DATA EXCERPTS:
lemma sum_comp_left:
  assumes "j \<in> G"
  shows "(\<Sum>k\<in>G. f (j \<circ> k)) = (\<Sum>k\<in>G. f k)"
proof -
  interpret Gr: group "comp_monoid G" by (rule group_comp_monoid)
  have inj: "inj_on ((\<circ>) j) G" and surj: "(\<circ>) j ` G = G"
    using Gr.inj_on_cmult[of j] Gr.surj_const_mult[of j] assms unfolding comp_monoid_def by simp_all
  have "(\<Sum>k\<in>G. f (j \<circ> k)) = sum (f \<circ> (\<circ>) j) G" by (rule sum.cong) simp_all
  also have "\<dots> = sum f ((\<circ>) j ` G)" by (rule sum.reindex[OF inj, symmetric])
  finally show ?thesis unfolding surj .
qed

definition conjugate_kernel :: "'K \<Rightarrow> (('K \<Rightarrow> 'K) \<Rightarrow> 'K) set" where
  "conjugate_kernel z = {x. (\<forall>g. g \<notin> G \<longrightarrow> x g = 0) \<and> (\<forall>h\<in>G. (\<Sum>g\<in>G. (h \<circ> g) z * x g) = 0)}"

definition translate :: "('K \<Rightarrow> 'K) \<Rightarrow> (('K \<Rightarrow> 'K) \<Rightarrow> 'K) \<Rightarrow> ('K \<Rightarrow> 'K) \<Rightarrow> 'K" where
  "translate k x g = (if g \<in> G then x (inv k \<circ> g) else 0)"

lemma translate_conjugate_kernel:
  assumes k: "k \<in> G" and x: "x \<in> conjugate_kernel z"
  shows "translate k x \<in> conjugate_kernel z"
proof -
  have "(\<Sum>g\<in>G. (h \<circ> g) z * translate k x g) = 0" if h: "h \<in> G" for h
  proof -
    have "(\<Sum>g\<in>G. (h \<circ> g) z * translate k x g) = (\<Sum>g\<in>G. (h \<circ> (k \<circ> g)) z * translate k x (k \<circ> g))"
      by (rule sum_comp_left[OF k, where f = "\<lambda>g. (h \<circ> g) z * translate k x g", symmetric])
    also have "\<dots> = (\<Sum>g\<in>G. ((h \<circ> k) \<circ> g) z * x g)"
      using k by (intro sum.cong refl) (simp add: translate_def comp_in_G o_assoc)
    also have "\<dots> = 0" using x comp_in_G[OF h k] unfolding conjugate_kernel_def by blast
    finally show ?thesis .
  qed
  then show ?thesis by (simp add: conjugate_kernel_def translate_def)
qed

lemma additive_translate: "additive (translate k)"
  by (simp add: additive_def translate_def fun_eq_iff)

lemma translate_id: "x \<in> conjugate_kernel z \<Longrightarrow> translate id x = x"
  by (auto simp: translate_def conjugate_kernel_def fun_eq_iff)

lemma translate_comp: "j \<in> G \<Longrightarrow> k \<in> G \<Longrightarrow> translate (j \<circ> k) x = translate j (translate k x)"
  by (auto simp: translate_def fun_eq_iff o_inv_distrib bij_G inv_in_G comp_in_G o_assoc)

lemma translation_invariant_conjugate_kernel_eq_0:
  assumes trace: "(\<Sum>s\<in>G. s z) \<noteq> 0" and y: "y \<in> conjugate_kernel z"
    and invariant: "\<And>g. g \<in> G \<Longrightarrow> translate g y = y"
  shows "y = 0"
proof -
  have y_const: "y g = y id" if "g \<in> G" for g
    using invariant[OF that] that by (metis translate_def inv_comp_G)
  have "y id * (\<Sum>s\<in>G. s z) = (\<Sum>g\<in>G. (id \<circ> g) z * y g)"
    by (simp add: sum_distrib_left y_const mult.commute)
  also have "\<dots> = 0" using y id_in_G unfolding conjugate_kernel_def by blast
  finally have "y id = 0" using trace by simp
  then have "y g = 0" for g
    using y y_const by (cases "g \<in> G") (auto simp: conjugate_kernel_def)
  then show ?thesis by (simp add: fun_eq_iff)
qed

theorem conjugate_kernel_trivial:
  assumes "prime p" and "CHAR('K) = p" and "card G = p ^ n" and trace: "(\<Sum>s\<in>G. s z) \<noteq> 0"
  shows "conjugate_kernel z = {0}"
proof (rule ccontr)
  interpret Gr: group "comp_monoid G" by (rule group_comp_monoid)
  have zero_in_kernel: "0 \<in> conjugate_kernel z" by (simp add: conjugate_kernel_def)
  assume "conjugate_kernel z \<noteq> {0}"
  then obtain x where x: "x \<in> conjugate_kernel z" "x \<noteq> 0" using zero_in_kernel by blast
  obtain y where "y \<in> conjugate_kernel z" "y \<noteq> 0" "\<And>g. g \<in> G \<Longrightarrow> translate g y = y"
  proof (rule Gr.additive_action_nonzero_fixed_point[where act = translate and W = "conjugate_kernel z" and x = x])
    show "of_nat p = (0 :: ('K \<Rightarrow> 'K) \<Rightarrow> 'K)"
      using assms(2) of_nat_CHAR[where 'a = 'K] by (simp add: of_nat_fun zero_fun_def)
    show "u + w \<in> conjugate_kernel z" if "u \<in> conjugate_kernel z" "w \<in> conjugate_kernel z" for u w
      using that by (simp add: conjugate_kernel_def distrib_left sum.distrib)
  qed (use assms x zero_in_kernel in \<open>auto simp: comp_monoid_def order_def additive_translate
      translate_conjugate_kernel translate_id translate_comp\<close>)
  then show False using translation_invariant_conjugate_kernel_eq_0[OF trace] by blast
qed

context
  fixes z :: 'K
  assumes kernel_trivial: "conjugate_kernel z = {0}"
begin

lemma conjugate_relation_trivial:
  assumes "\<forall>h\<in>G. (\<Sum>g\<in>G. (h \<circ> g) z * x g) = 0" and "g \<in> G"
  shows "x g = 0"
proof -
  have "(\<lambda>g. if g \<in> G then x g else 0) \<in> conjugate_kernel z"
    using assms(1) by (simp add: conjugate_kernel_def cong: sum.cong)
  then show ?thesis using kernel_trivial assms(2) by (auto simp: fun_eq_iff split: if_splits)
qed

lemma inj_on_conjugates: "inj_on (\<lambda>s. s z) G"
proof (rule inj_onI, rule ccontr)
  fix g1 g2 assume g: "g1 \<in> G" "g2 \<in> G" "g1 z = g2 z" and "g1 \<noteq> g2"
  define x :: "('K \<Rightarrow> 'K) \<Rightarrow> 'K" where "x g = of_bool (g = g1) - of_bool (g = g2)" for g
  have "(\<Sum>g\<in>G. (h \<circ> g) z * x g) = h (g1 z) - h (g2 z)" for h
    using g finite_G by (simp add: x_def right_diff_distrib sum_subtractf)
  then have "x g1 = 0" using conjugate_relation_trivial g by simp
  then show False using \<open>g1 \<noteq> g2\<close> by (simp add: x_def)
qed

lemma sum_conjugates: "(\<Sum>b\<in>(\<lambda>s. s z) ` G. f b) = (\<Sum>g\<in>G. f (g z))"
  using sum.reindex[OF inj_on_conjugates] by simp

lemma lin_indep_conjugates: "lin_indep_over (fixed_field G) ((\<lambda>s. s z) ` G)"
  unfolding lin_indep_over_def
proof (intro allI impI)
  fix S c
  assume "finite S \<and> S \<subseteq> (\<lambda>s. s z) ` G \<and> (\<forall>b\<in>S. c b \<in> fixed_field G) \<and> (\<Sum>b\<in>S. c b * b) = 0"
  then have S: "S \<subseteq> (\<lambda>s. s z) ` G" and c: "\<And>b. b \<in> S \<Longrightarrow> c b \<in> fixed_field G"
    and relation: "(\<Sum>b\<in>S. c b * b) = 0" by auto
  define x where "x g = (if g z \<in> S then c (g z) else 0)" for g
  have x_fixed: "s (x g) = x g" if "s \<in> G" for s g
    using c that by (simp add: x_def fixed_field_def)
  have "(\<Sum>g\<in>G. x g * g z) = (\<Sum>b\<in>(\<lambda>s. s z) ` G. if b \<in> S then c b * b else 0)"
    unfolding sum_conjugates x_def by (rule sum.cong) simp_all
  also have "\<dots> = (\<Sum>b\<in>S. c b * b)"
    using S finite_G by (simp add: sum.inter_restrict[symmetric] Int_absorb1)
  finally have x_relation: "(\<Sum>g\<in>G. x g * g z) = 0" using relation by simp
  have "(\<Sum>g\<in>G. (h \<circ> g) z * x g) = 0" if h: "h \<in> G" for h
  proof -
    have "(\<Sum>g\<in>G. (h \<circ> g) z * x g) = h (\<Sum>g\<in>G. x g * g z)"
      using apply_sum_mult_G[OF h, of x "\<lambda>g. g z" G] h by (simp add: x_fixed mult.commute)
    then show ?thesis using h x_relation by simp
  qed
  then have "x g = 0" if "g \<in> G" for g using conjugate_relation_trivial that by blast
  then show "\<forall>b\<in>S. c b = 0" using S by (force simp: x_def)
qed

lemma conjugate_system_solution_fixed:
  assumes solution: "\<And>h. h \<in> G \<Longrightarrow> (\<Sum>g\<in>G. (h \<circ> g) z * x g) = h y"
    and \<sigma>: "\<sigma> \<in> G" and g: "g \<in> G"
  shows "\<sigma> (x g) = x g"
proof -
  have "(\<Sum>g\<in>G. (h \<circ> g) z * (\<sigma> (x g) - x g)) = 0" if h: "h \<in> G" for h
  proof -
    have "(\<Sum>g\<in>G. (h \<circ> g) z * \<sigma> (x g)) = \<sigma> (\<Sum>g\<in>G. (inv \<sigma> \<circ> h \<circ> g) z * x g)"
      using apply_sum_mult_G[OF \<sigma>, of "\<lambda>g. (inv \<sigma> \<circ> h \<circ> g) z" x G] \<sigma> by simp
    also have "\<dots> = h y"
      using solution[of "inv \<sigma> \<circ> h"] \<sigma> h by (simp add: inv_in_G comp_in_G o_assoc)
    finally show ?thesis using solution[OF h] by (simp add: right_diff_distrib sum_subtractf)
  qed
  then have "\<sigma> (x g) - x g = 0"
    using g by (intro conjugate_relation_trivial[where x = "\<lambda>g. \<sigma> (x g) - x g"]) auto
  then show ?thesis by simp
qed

--

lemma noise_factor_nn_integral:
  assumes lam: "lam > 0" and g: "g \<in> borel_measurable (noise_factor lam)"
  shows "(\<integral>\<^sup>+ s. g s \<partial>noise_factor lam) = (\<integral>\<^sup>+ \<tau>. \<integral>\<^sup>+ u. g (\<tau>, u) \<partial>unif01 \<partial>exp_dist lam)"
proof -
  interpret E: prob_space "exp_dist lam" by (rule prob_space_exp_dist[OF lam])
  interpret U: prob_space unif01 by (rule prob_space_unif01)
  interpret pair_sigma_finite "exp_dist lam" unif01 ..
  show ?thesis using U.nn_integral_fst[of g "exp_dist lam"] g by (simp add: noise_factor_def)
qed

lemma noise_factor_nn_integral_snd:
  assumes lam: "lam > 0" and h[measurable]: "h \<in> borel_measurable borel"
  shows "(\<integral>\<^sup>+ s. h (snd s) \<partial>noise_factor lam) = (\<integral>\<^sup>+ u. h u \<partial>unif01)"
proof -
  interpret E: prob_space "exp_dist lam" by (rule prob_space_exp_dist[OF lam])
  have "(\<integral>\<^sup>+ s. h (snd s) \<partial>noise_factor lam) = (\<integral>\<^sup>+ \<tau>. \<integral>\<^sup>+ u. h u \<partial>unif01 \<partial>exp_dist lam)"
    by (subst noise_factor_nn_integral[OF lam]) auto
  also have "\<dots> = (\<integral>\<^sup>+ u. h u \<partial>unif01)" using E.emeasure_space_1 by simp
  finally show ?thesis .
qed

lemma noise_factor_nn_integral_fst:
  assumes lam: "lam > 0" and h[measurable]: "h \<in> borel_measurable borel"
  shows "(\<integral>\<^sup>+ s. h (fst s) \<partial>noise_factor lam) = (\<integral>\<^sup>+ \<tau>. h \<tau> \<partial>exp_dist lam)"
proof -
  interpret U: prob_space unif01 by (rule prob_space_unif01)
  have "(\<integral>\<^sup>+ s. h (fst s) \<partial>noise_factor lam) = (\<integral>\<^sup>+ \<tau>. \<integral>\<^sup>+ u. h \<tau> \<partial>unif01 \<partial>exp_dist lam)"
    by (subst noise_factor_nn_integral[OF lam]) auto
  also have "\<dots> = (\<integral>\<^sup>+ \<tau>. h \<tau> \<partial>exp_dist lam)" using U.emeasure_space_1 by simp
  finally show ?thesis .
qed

--

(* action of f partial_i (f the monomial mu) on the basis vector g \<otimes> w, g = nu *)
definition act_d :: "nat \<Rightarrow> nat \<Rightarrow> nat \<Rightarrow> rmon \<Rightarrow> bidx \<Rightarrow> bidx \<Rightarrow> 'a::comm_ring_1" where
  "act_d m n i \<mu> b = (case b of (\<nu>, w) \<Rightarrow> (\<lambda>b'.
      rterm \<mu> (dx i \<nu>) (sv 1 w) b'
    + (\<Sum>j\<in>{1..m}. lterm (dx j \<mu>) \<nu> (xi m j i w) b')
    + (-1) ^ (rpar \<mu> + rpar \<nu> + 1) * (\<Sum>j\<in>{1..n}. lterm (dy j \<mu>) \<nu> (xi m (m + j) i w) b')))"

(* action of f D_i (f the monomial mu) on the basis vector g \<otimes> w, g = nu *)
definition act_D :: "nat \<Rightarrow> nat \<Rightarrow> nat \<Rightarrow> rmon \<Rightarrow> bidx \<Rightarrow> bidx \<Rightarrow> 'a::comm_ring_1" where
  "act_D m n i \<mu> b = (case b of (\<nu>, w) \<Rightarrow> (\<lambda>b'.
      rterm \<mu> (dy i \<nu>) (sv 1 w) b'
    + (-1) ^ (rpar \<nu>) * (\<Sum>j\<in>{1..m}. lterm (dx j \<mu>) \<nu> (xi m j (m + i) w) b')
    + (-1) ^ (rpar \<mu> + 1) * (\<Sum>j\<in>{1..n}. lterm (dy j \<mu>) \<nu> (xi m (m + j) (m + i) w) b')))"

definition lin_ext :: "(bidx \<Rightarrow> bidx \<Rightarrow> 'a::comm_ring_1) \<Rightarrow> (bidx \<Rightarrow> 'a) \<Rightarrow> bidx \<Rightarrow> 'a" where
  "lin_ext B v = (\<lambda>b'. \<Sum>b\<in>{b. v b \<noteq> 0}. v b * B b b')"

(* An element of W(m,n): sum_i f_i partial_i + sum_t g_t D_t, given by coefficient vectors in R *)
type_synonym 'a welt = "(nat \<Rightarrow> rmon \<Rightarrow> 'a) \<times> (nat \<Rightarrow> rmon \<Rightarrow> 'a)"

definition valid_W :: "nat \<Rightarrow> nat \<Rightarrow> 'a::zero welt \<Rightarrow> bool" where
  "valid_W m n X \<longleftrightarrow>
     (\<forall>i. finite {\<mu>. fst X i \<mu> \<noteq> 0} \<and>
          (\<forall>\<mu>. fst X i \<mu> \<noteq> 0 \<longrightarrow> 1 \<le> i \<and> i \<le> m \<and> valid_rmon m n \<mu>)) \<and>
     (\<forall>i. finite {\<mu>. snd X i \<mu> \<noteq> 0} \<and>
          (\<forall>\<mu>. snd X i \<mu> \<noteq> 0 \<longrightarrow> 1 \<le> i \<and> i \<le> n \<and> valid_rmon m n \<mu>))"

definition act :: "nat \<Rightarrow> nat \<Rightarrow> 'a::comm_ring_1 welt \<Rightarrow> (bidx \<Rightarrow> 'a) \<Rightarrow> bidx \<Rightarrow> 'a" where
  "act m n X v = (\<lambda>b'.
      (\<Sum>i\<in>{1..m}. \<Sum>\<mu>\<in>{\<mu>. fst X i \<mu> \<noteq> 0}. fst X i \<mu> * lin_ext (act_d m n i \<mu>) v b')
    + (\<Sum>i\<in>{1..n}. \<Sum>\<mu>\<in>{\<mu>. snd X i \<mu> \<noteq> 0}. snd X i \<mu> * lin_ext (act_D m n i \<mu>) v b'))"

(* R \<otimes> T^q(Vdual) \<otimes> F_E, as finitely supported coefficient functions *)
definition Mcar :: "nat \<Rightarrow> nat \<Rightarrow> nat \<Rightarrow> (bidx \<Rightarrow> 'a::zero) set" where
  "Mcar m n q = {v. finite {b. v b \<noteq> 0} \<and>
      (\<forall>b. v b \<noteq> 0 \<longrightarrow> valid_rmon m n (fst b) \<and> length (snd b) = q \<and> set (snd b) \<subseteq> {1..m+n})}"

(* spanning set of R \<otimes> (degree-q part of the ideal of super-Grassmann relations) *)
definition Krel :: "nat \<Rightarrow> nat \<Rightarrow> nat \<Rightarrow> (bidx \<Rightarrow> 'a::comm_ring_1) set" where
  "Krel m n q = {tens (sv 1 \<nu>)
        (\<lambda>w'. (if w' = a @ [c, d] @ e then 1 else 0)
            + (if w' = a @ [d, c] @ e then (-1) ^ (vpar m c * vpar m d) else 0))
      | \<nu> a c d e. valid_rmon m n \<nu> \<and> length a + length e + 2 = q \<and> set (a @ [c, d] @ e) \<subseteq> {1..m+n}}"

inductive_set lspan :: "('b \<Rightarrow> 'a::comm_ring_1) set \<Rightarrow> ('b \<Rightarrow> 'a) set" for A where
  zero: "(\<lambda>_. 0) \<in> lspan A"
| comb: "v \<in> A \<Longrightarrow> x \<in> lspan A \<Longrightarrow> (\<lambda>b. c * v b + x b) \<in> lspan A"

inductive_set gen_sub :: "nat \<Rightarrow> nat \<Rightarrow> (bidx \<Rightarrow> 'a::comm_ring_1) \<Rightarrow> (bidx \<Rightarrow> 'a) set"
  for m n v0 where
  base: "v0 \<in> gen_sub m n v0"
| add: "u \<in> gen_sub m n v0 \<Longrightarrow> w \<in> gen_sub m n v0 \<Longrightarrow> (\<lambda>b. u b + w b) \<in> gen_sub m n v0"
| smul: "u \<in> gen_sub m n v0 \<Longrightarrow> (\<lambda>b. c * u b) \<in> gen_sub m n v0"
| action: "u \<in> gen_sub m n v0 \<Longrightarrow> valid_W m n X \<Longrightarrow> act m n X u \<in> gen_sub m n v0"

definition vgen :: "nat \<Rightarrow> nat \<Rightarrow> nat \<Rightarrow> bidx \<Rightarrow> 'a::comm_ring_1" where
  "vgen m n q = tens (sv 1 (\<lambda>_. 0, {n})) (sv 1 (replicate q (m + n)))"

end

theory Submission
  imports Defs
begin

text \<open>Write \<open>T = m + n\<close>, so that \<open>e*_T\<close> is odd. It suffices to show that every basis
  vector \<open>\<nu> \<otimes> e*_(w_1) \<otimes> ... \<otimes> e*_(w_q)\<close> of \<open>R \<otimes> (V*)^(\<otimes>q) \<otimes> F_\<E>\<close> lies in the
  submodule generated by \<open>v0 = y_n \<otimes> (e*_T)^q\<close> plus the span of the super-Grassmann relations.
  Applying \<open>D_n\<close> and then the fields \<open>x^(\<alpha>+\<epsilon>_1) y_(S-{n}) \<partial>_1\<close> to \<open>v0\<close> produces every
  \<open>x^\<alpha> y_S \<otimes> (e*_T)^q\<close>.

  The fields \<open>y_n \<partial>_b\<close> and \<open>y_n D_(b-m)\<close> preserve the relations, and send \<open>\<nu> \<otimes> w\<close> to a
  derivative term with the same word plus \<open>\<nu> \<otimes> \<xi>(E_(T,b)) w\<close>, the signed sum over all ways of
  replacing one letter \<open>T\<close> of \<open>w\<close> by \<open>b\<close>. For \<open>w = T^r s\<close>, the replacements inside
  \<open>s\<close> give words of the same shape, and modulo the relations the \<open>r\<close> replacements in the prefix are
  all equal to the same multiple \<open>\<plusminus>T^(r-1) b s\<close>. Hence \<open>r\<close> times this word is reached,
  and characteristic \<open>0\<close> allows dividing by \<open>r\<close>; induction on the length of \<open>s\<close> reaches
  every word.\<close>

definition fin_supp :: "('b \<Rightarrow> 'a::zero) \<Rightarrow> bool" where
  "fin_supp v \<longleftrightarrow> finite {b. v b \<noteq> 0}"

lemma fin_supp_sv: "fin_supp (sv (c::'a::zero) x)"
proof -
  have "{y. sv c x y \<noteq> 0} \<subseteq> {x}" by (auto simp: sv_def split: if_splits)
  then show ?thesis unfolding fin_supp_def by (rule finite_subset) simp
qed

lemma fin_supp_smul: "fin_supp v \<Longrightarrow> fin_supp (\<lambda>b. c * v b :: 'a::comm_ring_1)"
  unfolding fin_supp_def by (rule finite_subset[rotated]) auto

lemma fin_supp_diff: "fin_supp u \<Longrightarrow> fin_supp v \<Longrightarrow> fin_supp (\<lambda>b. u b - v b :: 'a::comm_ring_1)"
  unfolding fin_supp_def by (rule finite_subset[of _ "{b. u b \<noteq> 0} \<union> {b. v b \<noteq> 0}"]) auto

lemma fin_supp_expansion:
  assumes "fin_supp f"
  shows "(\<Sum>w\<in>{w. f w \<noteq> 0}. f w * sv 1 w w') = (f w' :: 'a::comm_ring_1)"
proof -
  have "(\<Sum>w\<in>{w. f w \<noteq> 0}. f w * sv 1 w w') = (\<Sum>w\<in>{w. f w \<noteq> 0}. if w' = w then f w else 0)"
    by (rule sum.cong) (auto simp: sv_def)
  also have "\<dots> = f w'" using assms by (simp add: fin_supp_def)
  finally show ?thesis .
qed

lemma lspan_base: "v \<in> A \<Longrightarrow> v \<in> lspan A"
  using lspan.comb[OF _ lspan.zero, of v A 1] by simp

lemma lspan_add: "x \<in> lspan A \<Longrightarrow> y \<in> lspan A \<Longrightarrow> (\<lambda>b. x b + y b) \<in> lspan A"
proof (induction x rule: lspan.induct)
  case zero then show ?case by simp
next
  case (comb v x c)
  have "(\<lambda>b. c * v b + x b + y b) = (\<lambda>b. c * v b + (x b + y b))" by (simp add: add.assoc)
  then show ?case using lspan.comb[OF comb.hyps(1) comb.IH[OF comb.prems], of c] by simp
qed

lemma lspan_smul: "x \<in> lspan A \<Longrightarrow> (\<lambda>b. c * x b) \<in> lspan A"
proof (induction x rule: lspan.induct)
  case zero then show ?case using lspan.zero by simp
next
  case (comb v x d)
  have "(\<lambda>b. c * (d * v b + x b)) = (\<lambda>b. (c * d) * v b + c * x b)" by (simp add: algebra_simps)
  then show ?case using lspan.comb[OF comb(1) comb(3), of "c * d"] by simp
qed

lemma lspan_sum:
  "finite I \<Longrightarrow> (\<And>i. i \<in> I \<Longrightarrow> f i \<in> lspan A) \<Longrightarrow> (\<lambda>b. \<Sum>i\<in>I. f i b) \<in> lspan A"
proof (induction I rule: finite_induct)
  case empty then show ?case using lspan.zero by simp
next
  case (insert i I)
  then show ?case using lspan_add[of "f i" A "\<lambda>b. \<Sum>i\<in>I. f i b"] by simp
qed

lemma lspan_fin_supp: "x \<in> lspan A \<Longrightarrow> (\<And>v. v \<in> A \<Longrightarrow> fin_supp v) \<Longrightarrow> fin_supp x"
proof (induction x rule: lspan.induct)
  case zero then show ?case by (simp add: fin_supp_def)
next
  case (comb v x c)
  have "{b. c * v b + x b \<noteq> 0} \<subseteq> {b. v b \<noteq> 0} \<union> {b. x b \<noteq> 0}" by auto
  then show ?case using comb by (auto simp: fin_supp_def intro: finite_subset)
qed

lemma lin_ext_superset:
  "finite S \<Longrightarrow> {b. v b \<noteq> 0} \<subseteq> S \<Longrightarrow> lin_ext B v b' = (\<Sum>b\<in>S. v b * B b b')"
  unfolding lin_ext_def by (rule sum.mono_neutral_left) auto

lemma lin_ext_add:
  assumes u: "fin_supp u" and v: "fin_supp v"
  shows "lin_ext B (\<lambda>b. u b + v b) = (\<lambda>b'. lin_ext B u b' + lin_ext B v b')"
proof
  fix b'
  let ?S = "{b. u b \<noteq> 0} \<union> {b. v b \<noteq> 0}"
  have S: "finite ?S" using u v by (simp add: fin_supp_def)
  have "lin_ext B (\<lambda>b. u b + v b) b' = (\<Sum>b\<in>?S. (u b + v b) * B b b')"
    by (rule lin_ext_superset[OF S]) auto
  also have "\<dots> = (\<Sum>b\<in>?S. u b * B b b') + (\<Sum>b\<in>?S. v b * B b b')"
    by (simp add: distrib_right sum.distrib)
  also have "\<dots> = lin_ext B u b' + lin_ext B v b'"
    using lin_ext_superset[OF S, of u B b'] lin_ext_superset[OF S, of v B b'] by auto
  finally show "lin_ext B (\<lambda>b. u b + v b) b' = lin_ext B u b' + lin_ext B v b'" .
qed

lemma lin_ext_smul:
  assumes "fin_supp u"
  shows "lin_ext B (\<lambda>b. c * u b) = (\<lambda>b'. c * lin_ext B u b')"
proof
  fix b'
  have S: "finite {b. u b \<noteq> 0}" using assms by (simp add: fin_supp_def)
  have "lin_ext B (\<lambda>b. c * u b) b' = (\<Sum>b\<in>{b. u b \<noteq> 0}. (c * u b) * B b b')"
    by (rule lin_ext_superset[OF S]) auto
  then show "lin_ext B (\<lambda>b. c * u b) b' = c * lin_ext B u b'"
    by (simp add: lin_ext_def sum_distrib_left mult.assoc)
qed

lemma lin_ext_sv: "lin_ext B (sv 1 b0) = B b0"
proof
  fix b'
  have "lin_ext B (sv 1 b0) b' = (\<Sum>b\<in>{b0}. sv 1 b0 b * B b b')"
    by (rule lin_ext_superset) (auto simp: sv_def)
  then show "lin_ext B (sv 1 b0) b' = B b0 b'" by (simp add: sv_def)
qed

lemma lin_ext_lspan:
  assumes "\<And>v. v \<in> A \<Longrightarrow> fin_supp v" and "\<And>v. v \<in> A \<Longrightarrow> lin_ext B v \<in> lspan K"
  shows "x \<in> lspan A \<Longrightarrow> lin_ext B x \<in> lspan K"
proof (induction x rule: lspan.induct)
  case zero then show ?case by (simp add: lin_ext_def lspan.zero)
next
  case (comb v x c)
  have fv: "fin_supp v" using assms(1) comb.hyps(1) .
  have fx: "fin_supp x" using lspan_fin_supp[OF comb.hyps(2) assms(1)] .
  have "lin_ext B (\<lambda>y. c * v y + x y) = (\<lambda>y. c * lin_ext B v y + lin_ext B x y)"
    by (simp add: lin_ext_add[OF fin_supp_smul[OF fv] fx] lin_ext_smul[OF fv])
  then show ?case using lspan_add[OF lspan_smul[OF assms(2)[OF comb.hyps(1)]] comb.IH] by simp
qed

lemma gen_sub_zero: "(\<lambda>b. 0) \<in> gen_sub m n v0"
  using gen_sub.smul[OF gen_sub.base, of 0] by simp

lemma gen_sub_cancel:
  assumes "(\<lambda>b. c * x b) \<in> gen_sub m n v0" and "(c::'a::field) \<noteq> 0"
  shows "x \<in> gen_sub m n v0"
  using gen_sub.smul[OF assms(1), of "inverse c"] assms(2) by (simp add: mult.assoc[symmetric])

WORK REQUIRED: Lines above that include the string "False" need to be copied.

RESPONSE FOR THIS EXERCISE:
  then show False using translation_invariant_conjugate_kernel_eq_0[OF trace] by blast
  then show False using \<open>g1 \<noteq> g2\<close> by (simp add: x_def)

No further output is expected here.